9. Tuck that thing in: Military movies where everybody is walking around with their “dog tags” outside their shirts. Or dress uniforms with improper ribbons or improper wear of a uniform. Come on guys there are books on this stuff. Read one! Then there are the hot women detectives in clothes so tight I can count the change in their pockets. Not that there are no attractive women in law enforcement, but if one of my subordinates came in with her cleavage and belly button showing she would be going home for a wardrobe change.

10. Cover me I’m going in:Nobody ever waits for back-up, sets up a perimeter or gets on the radio. It sucks to share the glory with some dumbass “uniform”. I’ll just go down into that basement with the serial killer in the “woman suit”, only pussy’s would back out and call for back-up.

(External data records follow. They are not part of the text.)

(* Let $\mathcal L$ be an algebraic system, $\mathbf{STop}\mathcal{L}$ the category of semitopological $\mathcal L$-structures, and $\mathcal C$ an epireflective subcategory of $\mathbf{Top}$. Then $\mathrm{r}_{\mathcal C}(\mathbf{STop}\mathcal{L})\subseteq\mathbf{STop}\mathcal{L}$: for each $(\mathfrak U,X)\in\mathbf{STop}\mathcal{L}$, where $X$ is the domain of $\mathfrak U$, the space $\mathrm{r}_{\mathcal C}X$ is the domain of an $\mathcal L$-structure $\mathfrak V$ with $(\mathfrak V,\mathrm{r}_{\mathcal C}X)\in\mathbf{STop}\mathcal{L}$. Furthermore, the reflection arrow $\mathrm{r}_{(X,\mathcal C)}\colon X\to\mathrm{r}_{\mathcal C}X$ is an $\mathcal L$-homomorphism in $\mathbf{STop}\mathcal{L}$.
   Context: An epireflective subcategory $\mathcal C$ of $\mathbf{Top}$ is a full, isomorphism-closed subcategory closed under products and subspaces; each space $X$ has a reflection $\mathrm{r}_{\mathcal C}X\in\mathcal C$ with a continuous surjection $\mathrm{r}_{(X,\mathcal C)}\colon X\to \mathrm{r}_{\mathcal C}X$ through which every continuous map from $X$ into a space of $\mathcal C$ factors uniquely. An algebraic system $\mathcal L$ consists of constant symbols, function symbols of finite arity $\ge1$ and a set of equations; an $\mathcal L$-structure is a set with interpretations of the constants and operations satisfying the equations; a semitopological $\mathcal L$-structure is one on a topological space in which all operations are separately continuous (continuous in each variable with the others fixed); $\mathcal L$-homomorphisms are continuous maps preserving constants and operations. *)

theory Defs
  imports "HOL-Analysis.Analysis"
begin

datatype ('c, 'f) trm = Var nat | Const 'c | Fn 'f "('c, 'f) trm list"

record ('c, 'f) alg_system =
  consts_of :: "'c set"
  funs_of :: "'f set"
  arity :: "'f \<Rightarrow> nat"
  eqns_of :: "(('c, 'f) trm \<times> ('c, 'f) trm) set"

I know, I know, its just entertainment, but it pisses me off… deal with it! Keep reading for my next installment. This is just me warming up.

NEW!!! 11. Tin Cans and Strings: The woeful lack of realism with movie/television communications devices is reaching WTF?? proportions. First off there are these things known as frequencies and channels. Not all radios can communicate with each other simply because they are radios. So when you crawl into a tank to escape the zombie horde (Yes “Walking Dead” I’m talking to you), the dude on the roof top with a police portable radio isn’t going to be able to communicate with you. Convenient to move the story along, but flat out never gonna happen…even in a world where flesh eating zombies walk the earth.

And then there is the good ole “watch me talk to my wrist” scene. This is where all of our heroes simply have to talk to their watchbands and they magically can communicate with each other. Now…I have actually used one of those wrist mikes operationally. It is a microphone and switch that is run through your sleeve and pinned to your cuff. The switch dangles in your palm AND there is an earpiece that runs up your neck to your ear so you can hear any reply. Most importantly, the whole affair is ATTACHED TO A FRIGGIN RADIO!!!

What exactly is Mr. CIA transmitting with when he talks to his Rolex? Am I to believe that our FBI agents now have wristwatches that are full fledged radios that can transmit and receive? I’m pretty up on current tech…they don’t exist. Some sort of bluetooth device that connects to a radio/cellular system? Maybe, but how exactly is he hearing any reply? I never seem to see any of these “secret agents” wearing an earpiece…hell even a bluetooth earbud would give the scene at a scintilla of possibility.